-------- SOURCE INFORMATION

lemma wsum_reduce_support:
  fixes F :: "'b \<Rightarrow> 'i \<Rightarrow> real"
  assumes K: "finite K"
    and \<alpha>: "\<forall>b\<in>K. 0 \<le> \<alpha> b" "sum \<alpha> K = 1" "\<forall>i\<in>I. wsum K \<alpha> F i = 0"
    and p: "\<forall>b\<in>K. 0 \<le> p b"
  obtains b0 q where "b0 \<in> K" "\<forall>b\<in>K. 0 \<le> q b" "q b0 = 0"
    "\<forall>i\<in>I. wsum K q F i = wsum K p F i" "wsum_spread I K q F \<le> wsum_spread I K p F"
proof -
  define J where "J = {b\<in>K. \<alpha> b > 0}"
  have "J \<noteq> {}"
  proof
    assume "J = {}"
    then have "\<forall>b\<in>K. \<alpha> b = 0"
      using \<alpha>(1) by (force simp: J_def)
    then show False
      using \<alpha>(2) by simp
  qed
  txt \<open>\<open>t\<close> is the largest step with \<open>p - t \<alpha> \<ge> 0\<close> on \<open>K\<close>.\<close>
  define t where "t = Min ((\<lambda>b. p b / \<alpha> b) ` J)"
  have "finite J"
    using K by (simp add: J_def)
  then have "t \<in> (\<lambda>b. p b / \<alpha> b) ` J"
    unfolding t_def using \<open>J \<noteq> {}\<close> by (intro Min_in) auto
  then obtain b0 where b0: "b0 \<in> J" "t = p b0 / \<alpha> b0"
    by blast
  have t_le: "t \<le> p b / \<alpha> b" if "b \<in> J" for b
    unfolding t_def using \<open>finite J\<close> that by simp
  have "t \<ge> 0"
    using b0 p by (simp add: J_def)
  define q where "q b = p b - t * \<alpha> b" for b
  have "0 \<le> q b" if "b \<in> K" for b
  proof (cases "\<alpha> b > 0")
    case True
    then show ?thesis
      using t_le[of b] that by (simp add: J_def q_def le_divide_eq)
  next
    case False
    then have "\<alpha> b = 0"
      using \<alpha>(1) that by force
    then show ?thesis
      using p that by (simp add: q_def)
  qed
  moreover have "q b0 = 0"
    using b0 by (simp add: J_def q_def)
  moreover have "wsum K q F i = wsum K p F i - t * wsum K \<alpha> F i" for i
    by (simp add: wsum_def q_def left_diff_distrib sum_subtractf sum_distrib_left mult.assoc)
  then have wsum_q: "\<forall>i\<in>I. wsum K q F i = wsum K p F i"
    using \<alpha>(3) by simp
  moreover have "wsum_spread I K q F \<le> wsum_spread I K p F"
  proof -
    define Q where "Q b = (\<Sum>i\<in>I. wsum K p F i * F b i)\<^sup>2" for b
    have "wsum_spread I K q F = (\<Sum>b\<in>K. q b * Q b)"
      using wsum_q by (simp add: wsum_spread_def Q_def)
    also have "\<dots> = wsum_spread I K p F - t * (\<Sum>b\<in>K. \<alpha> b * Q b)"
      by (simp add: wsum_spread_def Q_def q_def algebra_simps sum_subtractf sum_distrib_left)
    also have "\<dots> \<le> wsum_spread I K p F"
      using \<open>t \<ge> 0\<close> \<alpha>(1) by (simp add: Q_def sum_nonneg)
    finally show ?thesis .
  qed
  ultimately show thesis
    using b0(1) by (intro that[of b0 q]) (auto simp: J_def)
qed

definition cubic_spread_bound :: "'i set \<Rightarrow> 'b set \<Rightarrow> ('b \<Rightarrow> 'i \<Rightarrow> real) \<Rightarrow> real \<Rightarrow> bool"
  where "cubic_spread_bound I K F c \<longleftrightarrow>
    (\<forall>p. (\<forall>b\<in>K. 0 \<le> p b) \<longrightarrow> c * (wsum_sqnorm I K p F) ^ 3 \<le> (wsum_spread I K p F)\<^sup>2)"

----------------
-------- SOURCE INFORMATION

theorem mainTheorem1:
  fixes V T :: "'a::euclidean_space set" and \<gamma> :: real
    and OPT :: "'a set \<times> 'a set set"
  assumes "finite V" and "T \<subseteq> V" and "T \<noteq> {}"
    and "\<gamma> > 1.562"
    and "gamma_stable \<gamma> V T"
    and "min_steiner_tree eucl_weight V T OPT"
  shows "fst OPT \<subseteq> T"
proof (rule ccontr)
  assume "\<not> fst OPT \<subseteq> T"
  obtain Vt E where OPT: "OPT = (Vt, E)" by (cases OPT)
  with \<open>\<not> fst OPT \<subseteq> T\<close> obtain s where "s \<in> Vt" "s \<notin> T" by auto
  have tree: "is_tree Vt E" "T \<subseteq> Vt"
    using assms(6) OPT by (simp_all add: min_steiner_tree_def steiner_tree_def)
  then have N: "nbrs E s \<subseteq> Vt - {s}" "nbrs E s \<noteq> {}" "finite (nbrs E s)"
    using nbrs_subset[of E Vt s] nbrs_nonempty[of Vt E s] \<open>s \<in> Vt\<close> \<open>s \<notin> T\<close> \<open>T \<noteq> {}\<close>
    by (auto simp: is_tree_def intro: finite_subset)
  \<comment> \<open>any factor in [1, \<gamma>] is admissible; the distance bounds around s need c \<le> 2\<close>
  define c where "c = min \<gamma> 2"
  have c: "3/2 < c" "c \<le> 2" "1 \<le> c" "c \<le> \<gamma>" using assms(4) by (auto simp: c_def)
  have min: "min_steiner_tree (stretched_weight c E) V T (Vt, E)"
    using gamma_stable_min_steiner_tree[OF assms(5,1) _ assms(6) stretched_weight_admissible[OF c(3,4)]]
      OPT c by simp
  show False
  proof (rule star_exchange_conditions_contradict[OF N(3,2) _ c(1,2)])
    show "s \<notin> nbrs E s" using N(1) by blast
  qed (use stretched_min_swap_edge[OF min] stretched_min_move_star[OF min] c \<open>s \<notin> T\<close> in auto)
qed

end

----------------

• [WORK ITEM] Select every line of the material above holding the word "where" and copy it.

• [EXERCISE RESPONSE]
  obtains b0 q where "b0 \<in> K" "\<forall>b\<in>K. 0 \<le> q b" "q b0 = 0"
  define J where "J = {b\<in>K. \<alpha> b > 0}"
  define t where "t = Min ((\<lambda>b. p b / \<alpha> b) ` J)"
  then obtain b0 where b0: "b0 \<in> J" "t = p b0 / \<alpha> b0"
  define q where "q b = p b - t * \<alpha> b" for b
    define Q where "Q b = (\<Sum>i\<in>I. wsum K p F i * F b i)\<^sup>2" for b
  where "cubic_spread_bound I K F c \<longleftrightarrow>
  obtain Vt E where OPT: "OPT = (Vt, E)" by (cases OPT)
  with \<open>\<not> fst OPT \<subseteq> T\<close> obtain s where "s \<in> Vt" "s \<notin> T" by auto
  define c where "c = min \<gamma> 2"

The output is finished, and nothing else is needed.